*EXERCISE REQUIREMENTS*
In the records below, begin at the line containing "n \<psi> r \<longleftrightarrow>" and end at the line containing "(\<exists>c :: nat"; quote every line in that span exactly, including both boundary lines, and no others.
━━━━━ DATA FOR THIS EXERCISE ━━━━━
(* For an integer $R\ge 2$ and $n\ge1$, let $\ket{\psi_R^n}=c\sum_{k=0}^{R-1}R_y\!\big(\tfrac{2\pi k}{R}\big)^{\otimes n}\ket{0}^{\otimes n}$, where $c>0$ is the normalization constant (defined whenever the sum is nonzero, which holds for all sufficiently large $n$). Then $\lim_{n\to\infty}\mathcal{C}(\ket{\psi_R^n})=\frac{R-1}{R}$, and there exists $n_0$ such that $\mathrm{rk}(\ket{\psi_R^n})=R$ for all $n\ge n_0$.
   Context: $R_y(\theta)=\exp(-i\theta\sigma_y/2)$ is the single-qubit rotation with $R_y(\theta)\ket{0}=\cos(\theta/2)\ket{0}+\sin(\theta/2)\ket{1}$. The CP rank $\mathrm{rk}(\ket{\psi})$ is the minimal $r$ with $\ket{\psi}=\sum_{i=1}^r c_i\bigotimes_{j=1}^n\ket{\phi_i^{(j)}}$. The concentratable entanglement is $\mathcal{C}(\ket{\psi})=1-\frac{1}{2^{n}}\sum_{\alpha\subseteq [n]}\mathrm{Tr}[\rho_\alpha^2]$, with $\rho_\alpha$ the reduced state on $\alpha$ and $\mathrm{Tr}[\rho_\emptyset^2]=1$. *)

theory Defs
  imports "HOL-Analysis.Analysis"
begin

text \<open>An n-qubit state is represented by its amplitude function on the computational
  basis. A basis vector |x_0 ... x_{n-1}> is encoded by the set of qubit positions
  j < n with x_j = 1, i.e. by a subset of {..<n}. Values outside Pow {..<n} are ignored.\<close>

type_synonym qstate = "nat set \<Rightarrow> complex"

text \<open>Amplitudes of R_y(theta)|0> = cos(theta/2)|0> + sin(theta/2)|1>; True means |1>.\<close>
definition Ry0 :: "real \<Rightarrow> bool \<Rightarrow> real" where
  "Ry0 \<theta> b = (if b then sin (\<theta> / 2) else cos (\<theta> / 2))"

definition psi_unnorm :: "nat \<Rightarrow> nat \<Rightarrow> nat set \<Rightarrow> real" where
  "psi_unnorm R n x = (\<Sum>k<R. \<Prod>j<n. Ry0 (2 * pi * real k / real R) (j \<in> x))"

definition norm_const :: "nat \<Rightarrow> nat \<Rightarrow> real" where
  "norm_const R n = 1 / sqrt (\<Sum>x\<in>Pow {..<n}. (psi_unnorm R n x)\<^sup>2)"

definition psiR :: "nat \<Rightarrow> nat \<Rightarrow> qstate" where
  "psiR R n x = complex_of_real (norm_const R n * psi_unnorm R n x)"

definition reduced_dm :: "nat \<Rightarrow> qstate \<Rightarrow> nat set \<Rightarrow> nat set \<Rightarrow> nat set \<Rightarrow> complex" where
  "reduced_dm n \<psi> \<alpha> a a' = (\<Sum>b\<in>Pow ({..<n} - \<alpha>). \<psi> (a \<union> b) * cnj (\<psi> (a' \<union> b)))"

definition purity :: "nat \<Rightarrow> qstate \<Rightarrow> nat set \<Rightarrow> complex" where
  "purity n \<psi> \<alpha> = (if \<alpha> = {} then 1 else
     (\<Sum>a\<in>Pow \<alpha>. \<Sum>a'\<in>Pow \<alpha>. reduced_dm n \<psi> \<alpha> a a' * reduced_dm n \<psi> \<alpha> a' a))"

definition conc_ent :: "nat \<Rightarrow> qstate \<Rightarrow> real" where
  "conc_ent n \<psi> = 1 - (1 / 2 ^ n) * Re (\<Sum>\<alpha>\<in>Pow {..<n}. purity n \<psi> \<alpha>)"

definition has_cp_decomp :: "nat \<Rightarrow> qstate \<Rightarrow> nat \<Rightarrow> bool" where
  "has_cp_decomp n \<psi> r \<longleftrightarrow>
     (\<exists>c :: nat \<Rightarrow> complex. \<exists>\<phi> :: nat \<Rightarrow> nat \<Rightarrow> bool \<Rightarrow> complex.
        \<forall>x\<in>Pow {..<n}. \<psi> x = (\<Sum>i<r. c i * (\<Prod>j<n. \<phi> i j (j \<in> x))))"

definition cp_rank :: "nat \<Rightarrow> qstate \<Rightarrow> nat" where
  "cp_rank n \<psi> = (LEAST r. has_cp_decomp n \<psi> r)"

end

theory Submission
  imports Defs "Jordan_Normal_Form.Determinant"
begin

(*
  With v_k = R_y(2 pi k/R)|0> = (cos(pi k/R), sin(pi k/R)) the state is c * sum_k v_k^(tensor n),
  so every purity is a polynomial in the Gram entries g(k,l) = <v_k, v_l> = cos(pi (k - l)/R):
  the squared norm is sum_{k,l} g(k,l)^n and sum_alpha Tr[rho_alpha^2] equals
  c^4 sum_{k,k',l,l'} (g(k,l') g(l,k') + g(k,l) g(k',l'))^n. Since |g(k,l)| < 1 off the diagonal,
  only the R diagonal terms survive as n grows, and C tends to 1 - R/R^2.

  For the rank, pairing a qubit with the functional (1, +-i) sends v_k to exp(+-i pi k/R). Taking
  s plus signs among the first R qubits and t among the next R turns the state into the Hankel
  matrix sum_k d_k zeta_k^(s+t), zeta_k the R-th roots of unity and d_k /= 0. The discrete Fourier
  transform diagonalises it, whereas a CP decomposition with r terms factors it through C^r.
*)

lemma sum_Pow_prod_bool:
  fixes f :: "'a \<Rightarrow> bool \<Rightarrow> 'b :: comm_semiring_1"
  assumes "finite I"
  shows "(\<Sum>x\<in>Pow I. \<Prod>j\<in>I. f j (j \<in> x)) = (\<Prod>j\<in>I. f j False + f j True)"
proof -
  have "(\<Prod>j\<in>I. f j False + f j True) = (\<Sum>X\<in>Pow I. (\<Prod>j\<in>X. f j True) * (\<Prod>j\<in>I - X. f j False))"
    using prod_add[OF assms, of "\<lambda>j. f j True" "\<lambda>j. f j False"] by (simp add: add.commute)
  also have "\<dots> = (\<Sum>x\<in>Pow I. \<Prod>j\<in>I. f j (j \<in> x))"
  proof (rule sum.cong)
    fix X assume "X \<in> Pow I"
    then have "I \<inter> {j. j \<in> X} = X" "I \<inter> - {j. j \<in> X} = I - X" by auto
    moreover have "(\<Prod>j\<in>I. f j (j \<in> X)) = (\<Prod>j\<in>I. if j \<in> X then f j True else f j False)"
      by (rule prod.cong) auto
    ultimately show "(\<Prod>j\<in>X. f j True) * (\<Prod>j\<in>I - X. f j False) = (\<Prod>j\<in>I. f j (j \<in> X))"
      using prod.If_cases[OF assms, of "\<lambda>j. j \<in> X" "\<lambda>j. f j True" "\<lambda>j. f j False"] by simp
  qed simp
  finally show ?thesis by simp
qed

lemma sum_Pow_subset_prod_bool:
  fixes f :: "'a \<Rightarrow> bool \<Rightarrow> 'b :: comm_semiring_1"
  assumes "finite I" and "J \<subseteq> I"
  shows "(\<Sum>b\<in>Pow J. \<Prod>j\<in>I. f j (j \<in> b)) =
         (\<Prod>j\<in>I. if j \<in> J then f j False + f j True else f j False)"
proof -
  have "finite J" using assms finite_subset by blast
  have split: "prod g I = prod g J * prod g (I - J)" for g :: "'a \<Rightarrow> 'b"
    using assms by (metis prod.subset_diff mult.commute)
  have "(\<Sum>b\<in>Pow J. \<Prod>j\<in>I. f j (j \<in> b)) =
        (\<Sum>b\<in>Pow J. (\<Prod>j\<in>J. f j (j \<in> b)) * (\<Prod>j\<in>I - J. f j False))"
  proof (rule sum.cong)
    fix b assume "b \<in> Pow J"
    then have "\<forall>j\<in>I - J. j \<notin> b" by auto
    then have "(\<Prod>j\<in>I - J. f j (j \<in> b)) = (\<Prod>j\<in>I - J. f j False)"
      by (intro prod.cong) auto
    then show "(\<Prod>j\<in>I. f j (j \<in> b)) = (\<Prod>j\<in>J. f j (j \<in> b)) * (\<Prod>j\<in>I - J. f j False)"
      by (simp add: split)
  qed simp
  also have "\<dots> = (\<Prod>j\<in>J. f j False + f j True) * (\<Prod>j\<in>I - J. f j False)"
    by (simp add: sum_Pow_prod_bool[OF \<open>finite J\<close>] flip: sum_distrib_right)
  also have "\<dots> = (\<Prod>j\<in>I. if j \<in> J then f j False + f j True else f j False)"
    unfolding split[of "\<lambda>j. if j \<in> J then f j False + f j True else f j False"]
    by (intro arg_cong2[where f = "(*)"] prod.cong) auto
  finally show ?thesis .
qed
━━━━━
*TASK RESPONSE*
  "has_cp_decomp n \<psi> r \<longleftrightarrow>
     (\<exists>c :: nat \<Rightarrow> complex. \<exists>\<phi> :: nat \<Rightarrow> nat \<Rightarrow> bool \<Rightarrow> complex.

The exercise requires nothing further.